All over bar the shouting now for the AMP bid for AXA Asia Pacific, aided by AXA SA?
AMP’s hopes of landing AXA APH rose yesterday when a majority (five of six) independent directors of the target company gave the offer the greenlight.
The 6th independent has withheld an opinion after asking for more information.
The five who said yes include chairman Rick Allert who helped rebuff AMP’s last two attempts.
AXA APH shares rose 8c, or 1.3%, to $6.25. But the AMP’s shares ended down 19c at $5.26, a fall of 3.5%, after earlier jumping 1.1% to $5.51 in the wake of the positive news from AXA APH.
It seems news of the one hold out director contributed to the turnaround.
Mr Allert, who extracted a benchmark $6.43-a-share offer from National Australia Bank to thwart AMP’s last move on his company only to see the competition regulator block the bank’s agreed merger, said that the latest proposal was in the best interests of AXA’s minority shareholders.
Mr Allert, commented, "AXA APH’s Independent Directors Committee has carefully and thoroughly examined the value and terms of the revised Proposal from AMP and AXA SA," according to the statement to the ASX.
"A majority of the Independent Directors believe AMP and AXA SA’s Proposal provides minority shareholders with appropriate value for their investment in AXA APH, supported by significant downside protection. As a result, we believe the Proposal is in the best interests of AXA APH minority shareholders."
AXA SA currently owns 53% of AXA APH and will pay $10.6 billion to buy AXA AP’s Asian businesses once the deal goes through.
That is $800 million more than what it had agreed to contribute when the French company had previously teamed up with NAB and before that AMP when it put AXA AP into play last year.

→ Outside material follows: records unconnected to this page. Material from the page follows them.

(* Let $\Lambda$ be a finite connected graph with $N$ sites, $\mathcal{H}=\bigotimes_{x\in\Lambda}\mathfrak{h}_x$ with each $\mathfrak{h}_x$ a copy of a finite-dimensional Hilbert space $\mathfrak{h}$, $\mathfrak{h}^s\subset\mathfrak{h}$ a subspace, and $\mathrm{Sym}^N(\mathfrak{h}^s)\subset\mathcal{H}$ the totally symmetric subspace of $\bigotimes_{x}\mathfrak{h}^s_x$. If a linear operator $\hat{H}$ on $\mathcal{H}$ leaves $\mathrm{Sym}^N(\mathfrak{h}^s)$ invariant, then $\hat{H}=\hat{H}_A+\hat{H}_Z$, where $\hat{H}_Z$ is totally symmetric (i.e. $\hat{\sigma}\hat{H}_Z\hat{\sigma}^{-1}=\hat{H}_Z$ for all site permutations $\sigma\in\mathfrak{S}_N$), $\hat{H}_A$ annihilates $\mathrm{Sym}^N(\mathfrak{h}^s)$, and $\hat{H}_A$ can be written as $$\hat{H}_A=\sum_{x\in\Lambda}\hat{h}^{(1)}_{[x]}\hat{P}_x+\sum_{\langle x,y\rangle}\hat{h}^{(2)}_{[xy]}\hat{P}_{xy},$$ where the second sum runs over nearest-neighbour pairs, each $\hat{P}_x$ (resp. $\hat{P}_{xy}$) is an orthogonal projector acting non-trivially only on site $x$ (resp. on sites $x,y$) and annihilating $\mathrm{Sym}^N(\mathfrak{h}^s)$, and $\hat{h}^{(1)}_{[x]},\hat{h}^{(2)}_{[xy]}$ are some (not necessarily local) operators on $\mathcal{H}$. In particular, vectors of $\mathrm{Sym}^N(\mathfrak{h}^s)$ that are eigenvectors of $\hat{H}_Z$ are eigenvectors of $\hat{H}$ with the same eigenvalues.
   Context: For $\sigma\in\mathfrak{S}_N$, $\hat{\sigma}$ is the operator on $\mathcal{H}$ permuting the tensor factors: $\hat{\sigma}\bigotimes_x|e_x\rangle_x=\bigotimes_x|e_{\sigma(x)}\rangle_x$. $\mathrm{Sym}^N(\mathfrak{h}^s)=\{v\in\bigotimes_x\mathfrak{h}^s_x:\hat{\sigma}v=v\ \forall\sigma\}$. An operator annihilates a subspace if it maps all its vectors to $0$. *)

theory Defs
  imports "HOL-Analysis.Analysis"
begin
(* Let $\mathbf{x}:[-1,1]^2\to\mathbb{R}^2$, $\mathbf{x}(\xi,\eta)=(x(\xi,\eta),y(\xi,\eta))$, be a sufficiently smooth ($C^2$) map whose Jacobian $\mathbf{J}=\begin{bmatrix} x_\xi & x_\eta\\ y_\xi & y_\eta\end{bmatrix}$ is nonsingular everywhere on $[-1,1]^2$. Let $F(-1,\cdot)$ and $F(\cdot,-1)$ be given differentiable functions on $[-1,1]$ (transformed Dirichlet data on the edges $\xi=-1$ and $\eta=-1$) agreeing at the corner $(-1,-1)$, and let $u_{nBC}$, $u_{nCD}$ be given differentiable Neumann data on the images of the edges $\xi=1$ and $\eta=1$. Define $S_{BC},T_{BC},S_{CD},T_{CD}$, the flags $\lambda_B,\lambda_C,\lambda_D$, the corner quantities, the polynomials $\rho_0,\rho_1,\upsilon_0,\upsilon_1,\omega_1$ and the operators $Pg$, $PF^g$ as in the context. Assume the compatibility conditions: if $\lambda_B=0$ then $F_\xi(1,-1)=T_{BC}(-1)$; if $\lambda_D=0$ then $F_\eta(-1,1)=T_{CD}(-1)$; if $\lambda_C=0$ then $T_{CD}'(1)-S_{CD}'(1)F^a_\xi(1,1)=T_{BC}'(1)-S_{BC}'(1)F^a_\eta(1,1)$. Then for every sufficiently differentiable $g:[-1,1]^2\to\mathbb{R}$, the function $V=g-Pg+PF^g$ satisfies, for all $\xi,\eta\in[-1,1]$, $V(-1,\eta)=F(-1,\eta)$, $V(\xi,-1)=F(\xi,-1)$, $$V_\xi(1,\eta)+S_{BC}(\eta)V_\eta(1,\eta)=T_{BC}(\eta),\qquad V_\eta(\xi,1)+S_{CD}(\xi)V_\xi(\xi,1)=T_{CD}(\xi).$$
   Context: Setting: a curved quadrilateral $ABCD$ is the image of $[-1,1]^2$ under $\mathbf{x}$, with $A=\mathbf{x}(-1,-1)$, $B=\mathbf{x}(1,-1)$, $C=\mathbf{x}(1,1)$, $D=\mathbf{x}(-1,1)$; edges $AB:\eta=-1$, $BC:\xi=1$, $CD:\eta=1$, $AD:\xi=-1$. A field $u$ is represented as $V(\xi,\eta)=u(\mathbf{x}(\xi,\eta))$; Dirichlet conditions on $AB$, $AD$ and Neumann conditions $\mathbf n\cdot\nabla u=u_{nBC}$ on $BC$ and $\mathbf n\cdot\nabla u=u_{nCD}$ on $CD$ become the stated conditions on $V$. Notation: $F(1,-1):=F(\xi,-1)|_{\xi=1}$, $F(-1,1):=F(-1,\eta)|_{\eta=1}$, $F(-1,-1)$ the common corner value, $F_\xi(1,-1):=\frac{d}{d\xi}F(\xi,-1)|_{\xi=1}$, $F_\eta(-1,1):=\frac{d}{d\eta}F(-1,\eta)|_{\eta=1}$. Edge coefficients: $S_{BC}(\eta)=-\frac{\mathbf{x}_\xi(1,\eta)\cdot\mathbf{x}_\eta(1,\eta)}{\|\mathbf{x}_\eta(1,\eta)\|^2}$ (equivalently $K_{yBC}/K_{xBC}$ with $K_{xBC}=\|\mathbf{x}_\eta(1,\eta)\|/\det\mathbf{J}(1,\eta)$, $K_{yBC}=-\mathbf{x}_\xi(1,\eta)\cdot\mathbf{x}_\eta(1,\eta)/(\|\mathbf{x}_\eta(1,\eta)\|\det\mathbf{J}(1,\eta))$), $T_{BC}(\eta)=u_{nBC}(\mathbf{x}(1,\eta))/K_{xBC}(\eta)$; $K_{xCD}(\xi)=-\frac{\mathbf{x}_\xi(\xi,1)\cdot\mathbf{x}_\eta(\xi,1)}{\|\mathbf{x}_\xi(\xi,1)\|\det\mathbf{J}(\xi,1)}$, $K_{yCD}(\xi)=\frac{\|\mathbf{x}_\xi(\xi,1)\|}{\det\mathbf{J}(\xi,1)}$, $S_{CD}=K_{xCD}/K_{yCD}$, $T_{CD}(\xi)=u_{nCD}(\mathbf{x}(\xi,1))/K_{yCD}(\xi)$. Flags: $\lambda_B=0$ if $\mathbf{x}_\xi(1,-1)\cdot\mathbf{x}_\eta(1,-1)=0$, else $1$; $\lambda_C=0$ if $\mathbf{x}_\xi(1,1)\cdot\mathbf{x}_\eta(1,1)=0$, else $1$; $\lambda_D=0$ if $\mathbf{x}_\xi(-1,1)\cdot\mathbf{x}_\eta(-1,1)=0$, else $1$. Any term multiplied by a flag equal to $0$ is taken to be $0$ (so quantities only defined when the flag is $1$ are never needed otherwise). Corner quantities: $F^a_\eta(1,-1)=\frac{T_{BC}(-1)-F_\xi(1,-1)}{S_{BC}(-1)}$ (if $\lambda_B=1$); $F^a_\xi(-1,1)=\frac{T_{CD}(-1)-F_\eta(-1,1)}{S_{CD}(-1)}$ (if $\lambda_D=1$); $F^a_\xi(1,1)=\frac{T_{BC}(1)-S_{BC}(1)T_{CD}(1)}{1-S_{BC}(1)S_{CD}(1)}$, $F^a_\eta(1,1)=\frac{T_{CD}(1)-S_{CD}(1)T_{BC}(1)}{1-S_{BC}(1)S_{CD}(1)}$; $R_C=[T_{CD}'(1)-S_{CD}'(1)F^a_\xi(1,1)]-[T_{BC}'(1)-S_{BC}'(1)F^a_\eta(1,1)]$; $F^g_{\xi\xi}(1,1)=\frac{S_{BC}(1)}{S_{CD}(1)}g_{\eta\eta}(1,1)+\frac{R_C}{S_{CD}(1)}$ (if $\lambda_C=1$); $F^g_{\xi\eta}(1,1)=T_{BC}'(1)-S_{BC}'(1)F^a_\eta(1,1)-S_{BC}(1)g_{\eta\eta}(1,1)$. Polynomials with $\phi_0(t)=\tfrac12(1-t)$, $\phi_1(t)=\tfrac12(1+t)$: $\rho_0=\phi_0^3(1+3\phi_1+6\phi_1^2)$, $\rho_1=\phi_1^3(1+3\phi_0+6\phi_0^2)$, $\upsilon_0=2\phi_0^3\phi_1(1+3\phi_1)$, $\upsilon_1=-2\phi_1^3\phi_0(1+3\phi_0)$, $\omega_1=2\phi_1^3\phi_0^2$. $F^g_\xi(1,\eta)=T_{BC}(\eta)-S_{BC}(\eta)\{g_\eta(1,\eta)-[g(1,-1)-F(1,-1)]\rho_0'(\eta)-[g_\eta(1,1)-F^a_\eta(1,1)]\upsilon_1'(\eta)-\lambda_B[g_\eta(1,-1)-F^a_\eta(1,-1)]\upsilon_0'(\eta)\}$; $F^g_\eta(\xi,1)=T_{CD}(\xi)-S_{CD}(\xi)\{g_\xi(\xi,1)-[g(-1,1)-F(-1,1)]\rho_0'(\xi)-[g_\xi(1,1)-F^a_\xi(1,1)]\upsilon_1'(\xi)-\lambda_D[g_\xi(-1,1)-F^a_\xi(-1,1)]\upsilon_0'(\xi)-\lambda_C[g_{\xi\xi}(1,1)-F^g_{\xi\xi}(1,1)]\omega_1'(\xi)\}$. $Pg(\xi,\eta)=g(-1,\eta)\rho_0(\xi)+g_\xi(1,\eta)\upsilon_1(\xi)+g(\xi,-1)\rho_0(\eta)+g_\eta(\xi,1)\upsilon_1(\eta)-[g(-1,-1)\rho_0(\eta)+g_\eta(-1,1)\upsilon_1(\eta)]\rho_0(\xi)-[g_\xi(1,-1)\rho_0(\eta)+g_{\xi\eta}(1,1)\upsilon_1(\eta)]\upsilon_1(\xi)+\lambda_Bg_\eta(1,-1)\upsilon_0(\eta)\rho_1(\xi)+[\lambda_Dg_\xi(-1,1)\upsilon_0(\xi)+\lambda_Cg_{\xi\xi}(1,1)\omega_1(\xi)]\rho_1(\eta)$. $PF^g(\xi,\eta)=F(-1,\eta)\rho_0(\xi)+F^g_\xi(1,\eta)\upsilon_1(\xi)+F(\xi,-1)\rho_0(\eta)+F^g_\eta(\xi,1)\upsilon_1(\eta)-[F(-1,-1)\rho_0(\eta)+F_\eta(-1,1)\upsilon_1(\eta)]\rho_0(\xi)-[F_\xi(1,-1)\rho_0(\eta)+F^g_{\xi\eta}(1,1)\upsilon_1(\eta)]\upsilon_1(\xi)+\lambda_BF^a_\eta(1,-1)\upsilon_0(\eta)\rho_1(\xi)+[\lambda_DF^a_\xi(-1,1)\upsilon_0(\xi)+\lambda_CF^g_{\xi\xi}(1,1)\omega_1(\xi)]\rho_1(\eta)$. *)

theory Defs
  imports "HOL-Analysis.Analysis"
begin
(* There exists a sequence $(x_n)$ of positive reals with $\sum x_n<\infty$ such that the achievement set $E(x_n)$ is a Cantor set of Hausdorff dimension $0$ and the algebraic sum $E(x_n)+E(x_n)$ is also a Cantor set.
   Context: For a real sequence $(x_n)$, the achievement set is $E(x_n)=\{y\in\mathbb R:\exists A\subset\mathbb N,\ y=\sum_{n\in A}x_n\}$. A Cantor set is a set homeomorphic to the classical ternary Cantor set. For sets $A,B\subset\mathbb R$, $A+B=\{a+b:a\in A,b\in B\}$. *)

theory Defs
  imports "HOL-Analysis.Analysis"
begin

definition achievement_set :: "(nat \<Rightarrow> real) \<Rightarrow> real set" where
  "achievement_set x = {y. \<exists>A::nat set. y = (\<Sum>n. if n \<in> A then x n else 0)}"

definition ternary_cantor_set :: "real set" where
  "ternary_cantor_set = {y. \<exists>d::nat \<Rightarrow> nat. (\<forall>n. d n \<in> {0, 2}) \<and>
                              y = (\<Sum>n. real (d n) / 3 ^ (Suc n))}"

definition is_cantor_set :: "real set \<Rightarrow> bool" where
  "is_cantor_set S \<longleftrightarrow> S homeomorphic ternary_cantor_set"

definition set_sum :: "real set \<Rightarrow> real set \<Rightarrow> real set" where
  "set_sum A B = {a + b | a b. a \<in> A \<and> b \<in> B}"

definition hausdorff_pre :: "real \<Rightarrow> real \<Rightarrow> real set \<Rightarrow> ennreal" where
  "hausdorff_pre s \<delta> A =
     (INF U \<in> {U :: nat \<Rightarrow> real set. A \<subseteq> (\<Union>i. U i) \<and> (\<forall>i. diameter (U i) \<le> \<delta>)}.
        (\<Sum>i. ennreal (diameter (U i) powr s)))"

definition hausdorff_measure :: "real \<Rightarrow> real set \<Rightarrow> ennreal" where
  "hausdorff_measure s A = (SUP \<delta> \<in> {0<..}. hausdorff_pre s \<delta> A)"

definition hausdorff_dim :: "real set \<Rightarrow> ereal" where
  "hausdorff_dim A = (INF s \<in> {s::real. 0 \<le> s \<and> hausdorff_measure s A = 0}. ereal s)"

end

theory Submission
  imports Defs "HOL-Real_Asymp.Real_Asymp"
begin
(* Let $a$ be a real symmetric $n\times n$ matrix with $a\in\Gamma_k^+$, let $s>0$ and $X\in\mathbb R^n$, and set $E=s\,a-X\otimes X$. If $\sigma_k(E)>0$, then $E\in\Gamma_k^+$. More precisely, setting $f_i=s^{1-i}\sigma_i(E)=s\,\sigma_i(a)-\langle T_{i-1}(a),X\otimes X\rangle$, one has for all $2\le i\le k$ $$\sigma_{i-1}(E)\ \ge\ f_i\,\sigma_i(a)^{-1}\sigma_{i-1}(a)\,s^{i-2}.$$ (In the application, $a=A_u$, $s=u_{tt}$, $X=\nabla u_t$, $E=E_u=u_{tt}A_u-\nabla u_t\otimes\nabla u_t$.)
   Context: $\sigma_j$ is the $j$-th elementary symmetric function of the eigenvalues, $\Gamma_k^+=\{S:\sigma_j(S)>0,\ 1\le j\le k\}$, $T_j(S)=\sum_{i=0}^{j}(-1)^i\sigma_{j-i}(S)S^i$ is the Newton transformation, and $\langle S_1,S_2\rangle=\mathrm{tr}(S_1S_2)$. *)

theory Defs
  imports "Jordan_Normal_Form.Char_Poly"
begin

text \<open>Elementary symmetric functions of the eigenvalues of an n x n matrix S,
  read off from the characteristic polynomial
  det(t I - S) = prod_i (t - lambda_i) = sum_j (-1)^j sigma_j(lambda) t^(n-j).\<close>
definition sigma :: "nat \<Rightarrow> real mat \<Rightarrow> real" where
  "sigma j S = (if j \<le> dim_row S then (-1) ^ j * coeff (char_poly S) (dim_row S - j) else 0)"

definition Gamma_plus :: "nat \<Rightarrow> nat \<Rightarrow> real mat set" where
  "Gamma_plus n k = {S \<in> carrier_mat n n. \<forall>j. 1 \<le> j \<and> j \<le> k \<longrightarrow> sigma j S > 0}"

definition symmetric_mat :: "nat \<Rightarrow> real mat \<Rightarrow> bool" where
  "symmetric_mat n S \<longleftrightarrow> S \<in> carrier_mat n n \<and> transpose_mat S = S"

definition newton_T :: "nat \<Rightarrow> real mat \<Rightarrow> real mat" where
  "newton_T j S = foldr (\<lambda>i M. (((-1) ^ i * sigma (j - i) S) \<cdot>\<^sub>m (S ^\<^sub>m i)) + M)
      [0..<Suc j] (0\<^sub>m (dim_row S) (dim_row S))"

definition mat_trace :: "real mat \<Rightarrow> real" where
  "mat_trace S = (\<Sum>i<dim_row S. S $$ (i, i))"

definition mat_inner :: "real mat \<Rightarrow> real mat \<Rightarrow> real" where
  "mat_inner S1 S2 = mat_trace (S1 * S2)"

definition outer :: "real vec \<Rightarrow> real mat" where
  "outer X = mat (dim_vec X) (dim_vec X) (\<lambda>(i, j). X $ i * X $ j)"

end
(* Consider the sub-$\ell^\infty$ structure on $\mathbb{R}^2$ defined by $X_1=\partial_x$, $X_2=x\partial_y$. A regular bang-bang trajectory with more than $3$ arcs is not a time-minimizer. If, moreover, a regular bang-bang trajectory $\gamma$ starts on the $y$-axis (i.e. $\gamma(0)\in\{x=0\}$) and is a time-minimizer, then it has at most $2$ arcs.
   Context: Sub-$\ell^\infty$ structure defined by smooth vector fields $X_1,\dots,X_k$ on a manifold $M$: an admissible trajectory is an absolutely continuous curve $\gamma:[0,T]\to M$ together with a measurable control $u=(u_1,\dots,u_k):[0,T]\to\mathbb{R}^k$ with $|u_i(t)|\le1$ for all $i$ and a.e. $t$, such that $\dot\gamma(t)=\sum_i u_i(t)X_i(\gamma(t))$ for a.e. $t$. It is a time-minimizer (optimal) if no admissible trajectory joins $\gamma(0)$ to $\gamma(T)$ in time less than $T$. An extremal pair is a pair $(\lambda,\gamma)$ where $\gamma$ is admissible with control $u$ and $\lambda:[0,T]\to T^*M$ is absolutely continuous with $\lambda(t)\in T^*_{\gamma(t)}M\setminus\{0\}$, such that, with $\mathcal H(\lambda,p,u)=\sum_i u_i\langle\lambda,X_i(p)\rangle$, in canonical coordinates $\dot\lambda=-\partial_p\mathcal H(\lambda,\gamma,u)$, $\dot\gamma=\partial_\lambda\mathcal H(\lambda,\gamma,u)$ a.e., and there is a constant $\lambda_0\ge0$ with $\sum_iu_i(t)\langle\lambda(t),X_i(\gamma(t))\rangle=\sum_i|\langle\lambda(t),X_i(\gamma(t))\rangle|=\lambda_0$ for a.e. $t$; $\gamma$ is then an extremal trajectory and $\lambda$ an extremal lift. The switching functions are $\varphi_j(t)=\langle\lambda(t),X_j(\gamma(t))\rangle$. The restriction of an extremal pair to an open interval $I$ is a regular arc if $\varphi_j(t)\ne0$ for all $t\in I$ and all $j$; arcs are taken maximal (not contained in a strictly larger open interval with the same property). A regular bang-bang trajectory is an extremal trajectory with an extremal lift such that $[0,T]$ minus finitely many points is a finite union of maximal regular arcs (on each of which the control is then constant with values in $\{1,-1\}^k$); these are its arcs. *)

theory Defs
  imports "HOL-Analysis.Analysis"
begin

text \<open>Points of the plane are pairs (x,y); cotangent vectors are pairs (lx,ly) of
 components in the dual basis dx, dy, paired with tangent vectors by the inner product.\<close>

definition abs_cont_on :: "real set \<Rightarrow> (real \<Rightarrow> 'a::real_normed_vector) \<Rightarrow> bool" where
  "abs_cont_on S f \<longleftrightarrow>
     (\<forall>e>0. \<exists>d>0. \<forall>n::nat. \<forall>a b. (\<forall>i<n. a i \<in> S \<and> b i \<in> S \<and> a i \<le> b i) \<and>
        disjoint_family_on (\<lambda>i. {a i<..<b i}) {..<n} \<and> (\<Sum>i<n. b i - a i) < d
        \<longrightarrow> (\<Sum>i<n. norm (f (b i) - f (a i))) < e)"

definition X1 :: "real \<times> real \<Rightarrow> real \<times> real" where "X1 p = (1, 0)"
definition X2 :: "real \<times> real \<Rightarrow> real \<times> real" where "X2 p = (0, fst p)"

definition Xf :: "nat \<Rightarrow> real \<times> real \<Rightarrow> real \<times> real" where
  "Xf j = (if j = 1 then X1 else X2)"

definition admissible :: "real \<Rightarrow> (real \<Rightarrow> real \<times> real) \<Rightarrow> (real \<Rightarrow> real \<times> real) \<Rightarrow> bool" where
  "admissible T \<gamma> u \<longleftrightarrow> 0 \<le> T \<and> abs_cont_on {0..T} \<gamma> \<and> u measurable_on {0..T} \<and>
     (AE t in lebesgue. t \<in> {0..T} \<longrightarrow> \<bar>fst (u t)\<bar> \<le> 1 \<and> \<bar>snd (u t)\<bar> \<le> 1) \<and>
     (AE t in lebesgue. t \<in> {0..T} \<longrightarrow>
        (\<gamma> has_vector_derivative (fst (u t) *\<^sub>R X1 (\<gamma> t) + snd (u t) *\<^sub>R X2 (\<gamma> t))) (at t within {0..T}))"

definition time_minimizer :: "real \<Rightarrow> (real \<Rightarrow> real \<times> real) \<Rightarrow> bool" where
  "time_minimizer T \<gamma> \<longleftrightarrow> \<not> (\<exists>T' \<gamma>' u'. T' < T \<and> admissible T' \<gamma>' u' \<and>
        \<gamma>' 0 = \<gamma> 0 \<and> \<gamma>' T' = \<gamma> T)"

text \<open>Control Hamiltonian H(l,p,u) = u1 <l,X1 p> + u2 <l,X2 p> = u1 lx + u2 x ly.
 Its partial derivatives: d_p H = (u2 ly, 0), d_l H = u1 X1 p + u2 X2 p.\<close>
definition Ham :: "real \<times> real \<Rightarrow> real \<times> real \<Rightarrow> real \<times> real \<Rightarrow> real" where
  "Ham l p u = fst u * (l \<bullet> X1 p) + snd u * (l \<bullet> X2 p)"

definition extremal_pair ::
  "real \<Rightarrow> (real \<Rightarrow> real \<times> real) \<Rightarrow> (real \<Rightarrow> real \<times> real) \<Rightarrow> (real \<Rightarrow> real \<times> real) \<Rightarrow> bool" where
  "extremal_pair T lam \<gamma> u \<longleftrightarrow> admissible T \<gamma> u \<and> abs_cont_on {0..T} lam \<and>
     (\<forall>t\<in>{0..T}. lam t \<noteq> 0) \<and>
     (AE t in lebesgue. t \<in> {0..T} \<longrightarrow>
        (lam has_vector_derivative (- (snd (u t) * snd (lam t)), 0)) (at t within {0..T}) \<and>
        (\<gamma> has_vector_derivative (fst (u t) *\<^sub>R X1 (\<gamma> t) + snd (u t) *\<^sub>R X2 (\<gamma> t))) (at t within {0..T})) \<and>
     (\<exists>lam0\<ge>0. AE t in lebesgue. t \<in> {0..T} \<longrightarrow>
        Ham (lam t) (\<gamma> t) (u t) = \<bar>lam t \<bullet> X1 (\<gamma> t)\<bar> + \<bar>lam t \<bullet> X2 (\<gamma> t)\<bar> \<and>
        \<bar>lam t \<bullet> X1 (\<gamma> t)\<bar> + \<bar>lam t \<bullet> X2 (\<gamma> t)\<bar> = lam0)"

definition switching :: "(real \<Rightarrow> real \<times> real) \<Rightarrow> (real \<Rightarrow> real \<times> real) \<Rightarrow> nat \<Rightarrow> real \<Rightarrow> real" where
  "switching lam \<gamma> j t = lam t \<bullet> Xf j (\<gamma> t)"

definition regular_interval ::
  "real \<Rightarrow> (real \<Rightarrow> real \<times> real) \<Rightarrow> (real \<Rightarrow> real \<times> real) \<Rightarrow> real \<times> real \<Rightarrow> bool" where
  "regular_interval T lam \<gamma> I \<longleftrightarrow> 0 \<le> fst I \<and> fst I < snd I \<and> snd I \<le> T \<and>
     (\<forall>t\<in>{fst I<..<snd I}. \<forall>j\<in>{1,2}. switching lam \<gamma> j t \<noteq> 0)"

definition arcs ::
  "real \<Rightarrow> (real \<Rightarrow> real \<times> real) \<Rightarrow> (real \<Rightarrow> real \<times> real) \<Rightarrow> (real \<times> real) set" where
  "arcs T lam \<gamma> = {I. regular_interval T lam \<gamma> I \<and>
      (\<forall>J. regular_interval T lam \<gamma> J \<and> {fst I<..<snd I} \<subseteq> {fst J<..<snd J} \<longrightarrow> J = I)}"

AXA AP refused to disclose the name of the independent director who has yet to make up their mind about AMP’s offer. Including Mr Allert, the other independent board members are Patricia Akopiantz, Michael Butler, Paul Cooper, Tony Froggatt and Peter Sullivan.
In their statement the five independent directors said the $6.43 a share offer from AMP represented a 50% premium to the last closing price of AXA AP’s shares at $4.30 before the new bid was put to the board last week.
The AMP offer requires all of the directors to unanimously support the deal and the remaining independent director was seeking further information “before determining their position on the proposal”, according to the statement yesterday.
If the remaining director agrees, the offer can then be put to AXA APH’s minority shareholders.
If not, then it doesn’t necessarily fail because the AMP can waive that condition of its bid.
The quick approval of the new AMP bid by five of the six independent directors does however suggest that the one hold out might actually oppose the offer completely, not just conditionally.
If it were simply a matter of gathering a few extra facts or conducting a bit more analysis in order to present a unanimous position on the bid, we would have expected further discussions between the independents before a statement was issued.
That the statement appeared so quickly indicates five strongly support the bid and one doesn’t.
The question now remains that if that hold out rejects the bid and goes public, could they rally shareholders to reject the AMP offer?